* _Work order_
From the listing below, copy each line that contains the word "where".

* _Given entries_
section \<open>The entropy \<open>H_eps\<close> of a uniform measure\<close>

definition eps_partition ::
    "'a set \<Rightarrow> 'a pmf \<Rightarrow> ('a \<Rightarrow> 'a \<Rightarrow> real) \<Rightarrow> real \<Rightarrow> nat \<Rightarrow> (nat \<Rightarrow> 'a set) \<Rightarrow> bool" where
  "eps_partition X \<mu> d eps k P \<longleftrightarrow> (\<Union>i\<le>k. P i) = X \<and>
     (\<forall>i\<le>k. \<forall>j\<le>k. i \<noteq> j \<longrightarrow> P i \<inter> P j = {}) \<and>
     measure_pmf.prob \<mu> (P 0) < eps \<and> (\<forall>j\<in>{1..k}. diam_d d (P j) < eps)"

lemma H_eps_eq_log_Least:
  "H_eps X \<mu> d eps = log 2 (LEAST k. \<exists>P. eps_partition X \<mu> d eps k P)"
  unfolding H_eps_def eps_partition_def ..

lemma le_diam_d:
  assumes "finite A" "x \<in> A" "y \<in> A"
  shows "d x y \<le> diam_d d A"
proof -
  have "bdd_above ((\<lambda>p. d (fst p) (snd p)) ` (A \<times> A))"
    using assms(1) by (intro bdd_above_finite) auto
  then have "d (fst (x, y)) (snd (x, y)) \<le> (SUP p \<in> A \<times> A. d (fst p) (snd p))"
    by (rule cSUP_upper[rotated]) (use assms in auto)
  then show ?thesis unfolding diam_d_def using assms by auto
qed

lemma eps_partition_singletons:
  assumes W: "finite W" "W \<subseteq> X" "W \<noteq> {}" and eps: "0 < eps"
    and d: "\<And>x. x \<in> W \<Longrightarrow> d x x < eps"
  shows "\<exists>P. eps_partition X (pmf_of_set W) d eps (card W) P"
proof -
  obtain h where h: "bij_betw h {1..card W} W"
    using ex_bij_betw_nat_finite_1[OF W(1)] by blast
  define P where "P i = (if i = 0 then X - W else {h i})" for i
  have "{..card W} = insert 0 {1..card W}" by auto
  then have "(\<Union>i\<le>card W. P i) = (X - W) \<union> h ` {1..card W}"
    unfolding P_def by auto
  then have "(\<Union>i\<le>card W. P i) = X"
    using h W(2) unfolding bij_betw_def by auto
  moreover have "P i \<inter> P j = {}" if "i \<le> card W" "j \<le> card W" "i \<noteq> j" for i j
  proof -
    have "h i \<noteq> h j" if "i \<in> {1..card W}" "j \<in> {1..card W}" "i \<noteq> j" for i j
      using h that unfolding bij_betw_def inj_on_def by blast
    moreover have "h i \<in> W" if "i \<in> {1..card W}" for i
      using h that unfolding bij_betw_def by blast
    ultimately show ?thesis
      using that unfolding P_def by (cases "i = 0"; cases "j = 0") auto
  qed
  moreover have "measure_pmf.prob (pmf_of_set W) (P 0) = 0"
    unfolding P_def using measure_pmf_of_set[OF W(3,1)] by simp
  moreover have "diam_d d (P j) < eps" if "j \<in> {1..card W}" for j
    using that d bij_betwE[OF h] unfolding P_def diam_d_def by auto
  ultimately have "eps_partition X (pmf_of_set W) d eps (card W) P"
    unfolding eps_partition_def using eps by simp
  then show ?thesis by blast
qed

lemma card_lt_eps_partition:
  fixes eps M :: real
  assumes X: "finite X" "W \<subseteq> X" "W \<noteq> {}"
    and ball: "\<And>w. w \<in> W \<Longrightarrow> real (card {w' \<in> W. d w w' < eps}) \<le> M"
    and P: "eps_partition X (pmf_of_set W) d eps k P"
  shows "real (card W) < eps * card W + k * M"
proof -
  have W: "finite W" using X finite_subset by blast
  have M: "0 \<le> M" using ball X(3) by force
  have "(\<Union>i\<le>k. P i \<inter> W) = W"
    using P X(2) unfolding eps_partition_def by auto
  moreover have "card (\<Union>i\<le>k. P i \<inter> W) \<le> (\<Sum>i\<le>k. card (P i \<inter> W))"
    by (rule card_UN_le) simp
  moreover have "{..k} = insert 0 {1..k}" by auto
  ultimately have "card W \<le> card (P 0 \<inter> W) + (\<Sum>i\<in>{1..k}. card (P i \<inter> W))"
    by simp
  then have "real (card W) \<le> real (card (P 0 \<inter> W)) + (\<Sum>i\<in>{1..k}. real (card (P i \<inter> W)))"
    using of_nat_mono by fastforce
  moreover have "real (card (P 0 \<inter> W)) < eps * card W"
    using P measure_pmf_of_set[OF X(3) W, of "P 0"] W X(3) unfolding eps_partition_def
    by (simp add: Int_commute divide_less_eq card_gt_0_iff)
  moreover have "real (card (P j \<inter> W)) \<le> M" if j: "j \<in> {1..k}" for j
  proof (cases "P j \<inter> W = {}")
    case False
    then obtain w where w: "w \<in> P j" "w \<in> W" by auto
    have "P j \<subseteq> X" using P j unfolding eps_partition_def by auto
    then have fin: "finite (P j)" using X(1) by (rule finite_subset)
    have "P j \<inter> W \<subseteq> {w' \<in> W. d w w' < eps}"
    proof
      fix w' assume w': "w' \<in> P j \<inter> W"
      then have "d w w' \<le> diam_d d (P j)" using le_diam_d[OF fin w(1)] by blast
      moreover have "diam_d d (P j) < eps" using P j unfolding eps_partition_def by blast
      ultimately show "w' \<in> {w' \<in> W. d w w' < eps}" using w' by auto
    qed
    then have "card (P j \<inter> W) \<le> card {w' \<in> W. d w w' < eps}"
      using W by (intro card_mono) auto
    then show ?thesis using ball[OF w(2)] by linarith
  qed (use M in simp)
  then have "(\<Sum>i\<in>{1..k}. real (card (P i \<inter> W))) \<le> k * M"
    using sum_mono[of "{1..k}" "\<lambda>i. real (card (P i \<inter> W))" "\<lambda>_. M"] by simp
  ultimately show ?thesis by linarith
qed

* _Answer box_
    "'a set \<Rightarrow> 'a pmf \<Rightarrow> ('a \<Rightarrow> 'a \<Rightarrow> real) \<Rightarrow> real \<Rightarrow> nat \<Rightarrow> (nat \<Rightarrow> 'a set) \<Rightarrow> bool" where
  obtain h where h: "bij_betw h {1..card W} W"
  define P where "P i = (if i = 0 then X - W else {h i})" for i
    then obtain w where w: "w \<in> P j" "w \<in> W" by auto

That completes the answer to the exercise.